Şehitlerimizi rahmetinle kucakla, bizleri onlarla cennetinde cem eyle Ya Rabbi.
Geride kalanlarına sabır ve metanet ihsan eyle. Gazilerimize acil şifalar ver. Kahraman
askerimizi ve polisimizi her daim muzaffer eyle Allah’ım!
Bizleri Kur’an Kerim’in hakkını verenlerden, O’nun tarafını tutanlardan eyle
Allah’ım!

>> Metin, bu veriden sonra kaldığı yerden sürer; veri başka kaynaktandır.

(* Each simple reflection sends the lattice vector x to x - \<alpha>_i(x) \<alpha>_i^\<or> with \<alpha>_i(x) an
   integer (\<alpha>_i(\<alpha>_j^\<or>) = a_ji), so W stabilises Q^\<or>. Injectivity amounts to: an element of W
   fixing every \<alpha>_i^\<or> is the identity.

   The key fact is positivity: if \<ell>(w r_i) \<ge> \<ell>(w), then w(\<alpha>_i^\<or>) is a nonnegative
   combination of the \<alpha>_j^\<or>. It is proved by induction on \<ell>(w), as for Coxeter groups: let
   r_j be the last letter of a reduced word of w and factor w = v u with u in the dihedral group
   <r_i, r_j>, \<ell>(w) = \<ell>(v) + \<ell>(u) and \<ell>(v) minimal. Then v has ascents at i and j, so by
   induction v maps \<alpha>_i^\<or> and \<alpha>_j^\<or> into the positive cone, while an explicit rank-2
   computation (separating a_ij a_ji \<ge> 4 from the finite types A1xA1, A2, B2, G2) shows that
   u(\<alpha>_i^\<or>) is a nonnegative combination of \<alpha>_i^\<or> and \<alpha>_j^\<or>.

   Now if w \<noteq> 1 fixes all coroots, write w = w' r_i with \<ell>(w') < \<ell>(w): positivity gives
   w'(\<alpha>_i^\<or>) \<ge> 0, but w'(\<alpha>_i^\<or>) = w(-\<alpha>_i^\<or>) = -\<alpha>_i^\<or>, contradicting linear
   independence of the coroots. *)

section \<open>Rank-two combinatorics\<close>

fun alt_word :: "'b \<Rightarrow> 'b \<Rightarrow> nat \<Rightarrow> 'b list" where
  "alt_word x y 0 = []"
| "alt_word x y (Suc k) = alt_word y x k @ [x]"

lemma alt_word_Suc_Cons: "alt_word x y (Suc k) = (if even k then x else y) # alt_word x y k"
  by (induction k arbitrary: x y) auto

lemma length_alt_word [simp]: "length (alt_word x y k) = k"
  by (induction k arbitrary: x y) auto

lemma alt_word_in_lists: "x \<in> A \<Longrightarrow> y \<in> A \<Longrightarrow> alt_word x y k \<in> lists A"
  by (induction k arbitrary: x y) auto

lemma alt_word_add:
  "alt_word x y (k + l) = (if even l then alt_word x y k else alt_word y x k) @ alt_word x y l"
  by (induction l arbitrary: x y) auto

lemma alternating_word_cases:
  assumes "us \<in> lists {x, y}" and "\<forall>p z q. us \<noteq> p @ z # z # q"
  shows "us = alt_word x y (length us) \<or> us = alt_word y x (length us)"
  using assms
proof (induction us rule: rev_induct)
  case Nil
  then show ?case by simp
next
  case (snoc z us)
  have "\<forall>p z q. us \<noteq> p @ z # z # q"
    using snoc.prems(2) by (metis append.assoc append_Cons)
  with snoc have IH: "us = alt_word x y (length us) \<or> us = alt_word y x (length us)" by auto
  show ?case
  proof (cases "length us")
    case 0
    then show ?thesis using snoc.prems(1) by auto
  next
    case (Suc L)
    have "z \<noteq> last us"
      using snoc.prems(2) Suc
      by (metis append_butlast_last_id append.assoc append_Cons append_Nil list.size(3) nat.distinct(1))
    with IH Suc snoc.prems(1) show ?thesis by auto
  qed
qed

text \<open>With \<open>x = -a\<^sub>i\<^sub>j\<close> and \<open>y = -a\<^sub>j\<^sub>i\<close>, these are the coordinates of
  \<open>\<dots> r\<^sub>i r\<^sub>j (\<alpha>\<^sub>i\<^sup>\<or>)\<close> (k reflections) in the basis \<open>\<alpha>\<^sub>i\<^sup>\<or>, \<alpha>\<^sub>j\<^sup>\<or>\<close>.\<close>
fun dihedral_coeffs :: "real \<Rightarrow> real \<Rightarrow> nat \<Rightarrow> real \<times> real" where
  "dihedral_coeffs x y 0 = (1, 0)"
| "dihedral_coeffs x y (Suc k) =
     (let (A, B) = dihedral_coeffs x y k in if even k then (A, x * A - B) else (y * B - A, B))"

lemma dihedral_coeffs_invariant:
  assumes x: "x \<ge> 0" and y: "y \<ge> 0" and xy: "x * y \<ge> 4"
  shows "fst (dihedral_coeffs x y k) \<ge> 0 \<and> snd (dihedral_coeffs x y k) \<ge> 0 \<and>
    (if even k then 2 * snd (dihedral_coeffs x y k) \<le> x * fst (dihedral_coeffs x y k)
     else 2 * fst (dihedral_coeffs x y k) \<le> y * snd (dihedral_coeffs x y k))"
proof (induction k)
  case 0
  then show ?case using x by simp
next
  case (Suc k)
  obtain A B where AB: "dihedral_coeffs x y k = (A, B)" by fastforce
  show ?case
  proof (cases "even k")
    case True
    with Suc AB have h: "A \<ge> 0" "B \<ge> 0" "2 * B \<le> x * A" by auto
    have "y * (2 * B) \<le> y * (x * A)" using h(3) y by (rule mult_left_mono)
    moreover have "4 * A \<le> x * y * A" using xy h(1) by (rule mult_right_mono)
    ultimately have "2 * A \<le> y * (x * A - B)" by (simp add: algebra_simps)
    then show ?thesis using AB True h by auto
  next
    case False
    with Suc AB have h: "A \<ge> 0" "B \<ge> 0" "2 * A \<le> y * B" by auto
    have "x * (2 * A) \<le> x * (y * B)" using h(3) x by (rule mult_left_mono)
    moreover have "4 * B \<le> x * y * B" using xy h(2) by (rule mult_right_mono)
    ultimately have "2 * B \<le> x * (y * B - A)" by (simp add: algebra_simps)
    then show ?thesis using AB False h by auto
  qed
qed

lemma dihedral_coeffs_nonneg_if_prod_ge_4:
  assumes "x \<ge> 0" and "y \<ge> 0" and "x * y \<ge> 4"
  shows "fst (dihedral_coeffs x y k) \<ge> 0 \<and> snd (dihedral_coeffs x y k) \<ge> 0"
  using dihedral_coeffs_invariant[OF assms, of k] by blast

text \<open>The rank-2 Cartan matrices of finite type: \<open>A\<^sub>1\<times>A\<^sub>1\<close>, \<open>A\<^sub>2\<close>, \<open>B\<^sub>2\<close> and \<open>G\<^sub>2\<close>.\<close>
definition finite_cartan_pairs :: "(int \<times> int) set" where
  "finite_cartan_pairs = {(0, 0), (-1, -1), (-1, -2), (-2, -1), (-1, -3), (-3, -1)}"

definition dihedral_order :: "int \<Rightarrow> nat" where
  "dihedral_order pq = (if pq = 0 then 2 else if pq = 1 then 3 else if pq = 2 then 4 else 6)"

lemma finite_cartan_pairsI:
  fixes p q :: int
  assumes "p \<le> 0" "q \<le> 0" "p = 0 \<longleftrightarrow> q = 0" "p * q < 4"
  shows "(p, q) \<in> finite_cartan_pairs"
proof (cases "p = 0")
  case False
  then have "p \<le> -1" "q \<le> -1" using assms by auto
  then have "- p \<le> (- p) * (- q)" "- q \<le> (- p) * (- q)"
    using mult_left_mono[of 1 "- q" "- p"] mult_right_mono[of 1 "- p" "- q"] by auto
  then have "p \<in> {-3, -2, -1}" "q \<in> {-3, -2, -1}"
    using \<open>p \<le> -1\<close> \<open>q \<le> -1\<close> assms(4) by auto
  then show ?thesis using assms(4) by (auto simp: finite_cartan_pairs_def)
qed (use assms in \<open>auto simp: finite_cartan_pairs_def\<close>)

lemma dihedral_coeffs_nonneg_finite_type:
  assumes "(p, q) \<in> finite_cartan_pairs" and "k < dihedral_order (p * q)"
  shows "fst (dihedral_coeffs (- of_int p) (- of_int q) k) \<ge> 0
       \<and> snd (dihedral_coeffs (- of_int p) (- of_int q) k) \<ge> 0"
  using assms by (auto simp: finite_cartan_pairs_def dihedral_order_def less_Suc_eq numeral_eq_Suc)

locale cartan_realization =
  fixes n :: nat and a :: "nat \<Rightarrow> nat \<Rightarrow> int"
    and \<alpha> :: "nat \<Rightarrow> 'a::euclidean_space \<Rightarrow> real" and \<alpha>v :: "nat \<Rightarrow> 'a"
  assumes cartan: "gen_cartan_matrix n a"
    and realization: "gen_free_realization n a \<alpha> \<alpha>v"
begin

abbreviation r :: "nat \<Rightarrow> 'a \<Rightarrow> 'a" where "r \<equiv> simple_refl \<alpha> \<alpha>v"

definition rword :: "nat list \<Rightarrow> 'a \<Rightarrow> 'a" where
  "rword ws = foldr (\<lambda>i f. r i \<circ> f) ws id"

definition refl_length :: "('a \<Rightarrow> 'a) \<Rightarrow> nat" where
  "refl_length w = (LEAST k. \<exists>ws\<in>lists {..<n}. length ws = k \<and> rword ws = w)"

definition coroot_cone :: "'a set" where
  "coroot_cone = {\<Sum>k<n. c k *\<^sub>R \<alpha>v k | c. \<forall>k<n. c k \<ge> 0}"

lemma linear_root: "i < n \<Longrightarrow> linear (\<alpha> i)"
  using realization unfolding gen_free_realization_def by auto

lemma root_coroot: "i < n \<Longrightarrow> j < n \<Longrightarrow> \<alpha> j (\<alpha>v i) = of_int (a i j)"
  using realization unfolding gen_free_realization_def by auto

lemma cartan_diag: "i < n \<Longrightarrow> a i i = 2"
  using cartan unfolding gen_cartan_matrix_def by auto

lemma root_coroot_diag: "i < n \<Longrightarrow> \<alpha> i (\<alpha>v i) = 2"
  by (simp add: root_coroot cartan_diag)

lemma lin_indep_coroots: "lin_indep_family n \<alpha>v"
  using realization unfolding gen_free_realization_def by auto

lemma r_apply: "r i v = v - \<alpha> i v *\<^sub>R \<alpha>v i"
  by (simp add: simple_refl_def)

lemma scaleR_times_2: "(c * 2) *\<^sub>R (x::'a) = c *\<^sub>R x + c *\<^sub>R x"
  by (simp add: scaleR_add_left[symmetric])

lemma linear_r: "i < n \<Longrightarrow> linear (r i)"
  by (rule linearI)
    (auto simp: r_apply linear_add[OF linear_root] linear_scale[OF linear_root] algebra_simps)

lemma r_r [simp]: "i < n \<Longrightarrow> r i (r i v) = v"
  by (simp add: r_apply linear_diff[OF linear_root] linear_scale[OF linear_root]
      root_coroot_diag algebra_simps)

lemma r_comp_r: "i < n \<Longrightarrow> r i \<circ> r i = id"
  by auto

lemma r_coroot: "i < n \<Longrightarrow> r i (\<alpha>v i) = - \<alpha>v i"
  by (simp add: r_apply root_coroot_diag scaleR_2)

lemma rword_Nil [simp]: "rword [] = id"
  by (simp add: rword_def)

lemma rword_Cons [simp]: "rword (i # ws) = r i \<circ> rword ws"
  by (simp add: rword_def)

lemma rword_append: "rword (ws @ vs) = rword ws \<circ> rword vs"
  by (induction ws) auto

lemma rword_snoc: "rword (ws @ [i]) = rword ws \<circ> r i"
  by (simp add: rword_append)

lemma linear_rword: "ws \<in> lists {..<n} \<Longrightarrow> linear (rword ws)"
  by (induction ws) (auto intro: linear_compose linear_r simp: linear_id)

lemma rword_rev_comp: "ws \<in> lists {..<n} \<Longrightarrow> rword (rev ws) \<circ> rword ws = id"
proof (induction ws)
  case (Cons i ws)
  have "rword (rev (i # ws)) \<circ> rword (i # ws) = rword (rev ws) \<circ> (r i \<circ> r i) \<circ> rword ws"
    by (simp add: rword_append comp_assoc)
  also have "\<dots> = rword (rev ws) \<circ> rword ws"
    using Cons.prems by (simp add: r_comp_r)
  also have "\<dots> = id"
    using Cons by (simp add: comp_def id_def)
  finally show ?case .
qed simp

lemma rword_comp_rev: "ws \<in> lists {..<n} \<Longrightarrow> rword ws \<circ> rword (rev ws) = id"
  using rword_rev_comp[of "rev ws"] by (simp add: in_lists_conv_set)

lemma weyl_group_rword:
  assumes "w \<in> weyl_group n \<alpha> \<alpha>v"
  obtains ws where "ws \<in> lists {..<n}" "rword ws = w"
proof -
  from assms have "\<exists>ws\<in>lists {..<n}. rword ws = w"
  proof (induction rule: weyl_group.induct)
    case id
    show ?case by (intro bexI[of _ "[]"]) auto
  next
    case (gen i)
    then show ?case by (intro bexI[of _ "[i]"]) auto
  next
    case (comp w w')
    then show ?case by (metis append_in_lists_conv rword_append)
  next
    case (inverse w)
    then obtain ws where ws: "ws \<in> lists {..<n}" "rword ws = w" by blast
    then have "inv w = rword (rev ws)"
      by (metis inv_unique_comp rword_comp_rev rword_rev_comp)
    then show ?case using ws by (intro bexI[of _ "rev ws"]) auto
  qed
  then show ?thesis using that by blast
qed

lemma refl_length_le: "ws \<in> lists {..<n} \<Longrightarrow> refl_length (rword ws) \<le> length ws"
  unfolding refl_length_def by (rule Least_le) auto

Peygamber Efendimiz (s.a.s.)’in safında duranlardan eyle.
Yüce Kur’an-ı Kerim’in hürmetine, Kabe-i Muazzama’nın hürmetine, Resûlü
(s.a.s.)’nün hürmetine Bu Kadir Gecesi’nde sana yalvaran diller hürmetine İslâm
coğrafyasında akan kan ve gözyaşlarının durmasını, bütün kardeşlerimizin huzur ve güven
içinde nice bayramlara ulaşmalarını Sen nasip eyle Allah’ım!
Ya Rabbi!
Ramazan Ayı’nda kılınan Teravih Namazlarını, tuttuğumuz oruçları, verilen
sadakaları, okunan Kur’an-ı Kerim’leri, Hatm-i Şerifleri ve Kelime-i Tevhitleri; yapılan
tavafları, zikirleri, tesbihatı, dua ve niyazları, va’z u nasihatleri ve getirilen salât ü selâmları
yüce katında en güzel şekliyle kabul eyle Allah’ım!
Bunlardan hâsıl olan ecir ve sevâbı;
Öncelikle Sevgili Peygamberimiz, Muhammed Mustafa (s.a.s.)’nın aziz, latif rûhuna
hediye eyledik, vâsıl eyle Allah’ım!
Diğer bütün peygamberlerin, ehli beytin, ezvâc-ı tâhirâtın, ashâb-ı kiramın, tabiinin,
tebe-i tâbiinin, âlimlerin, salihlerin, şehitlerin, ahirete göç eden gaziler ile bütün ehl-i
imanın ruhlarına hediye eyledik. Kendilerini haberdar eyle Allah’ım!
Bu mübarek Kadir Gecesi’nde bu duaya “amin” “amin” diyen bütün kardeşlerimizin
cümle geçmişlerinin ruhlarına da hediye ediyoruz, onları da hissedar eyle Allah’ım!
Hayatı tattık. Şüphesiz her canlı gibi ölümü biz de tadacağız. Ecel kapımızı çaldığında
Kelime-i Şehadet ki buyurun
‫اشهد ان ّلاله اّلهللا واشهد ان حممدا عبده ورسوله‬
diyerek, ruhumuzu teslim edebilmeyi, iman ve selim bir kalp ile huzuruna gelebilmeyi
cümlemize nasip ve müyesser eyle Allah’ım! Bizleri cennetinle cemalinle müşerref
eylediğin kulların arasına ilhak eyle Allah’ım! Dualarımızı kabul eyle Allah’ım!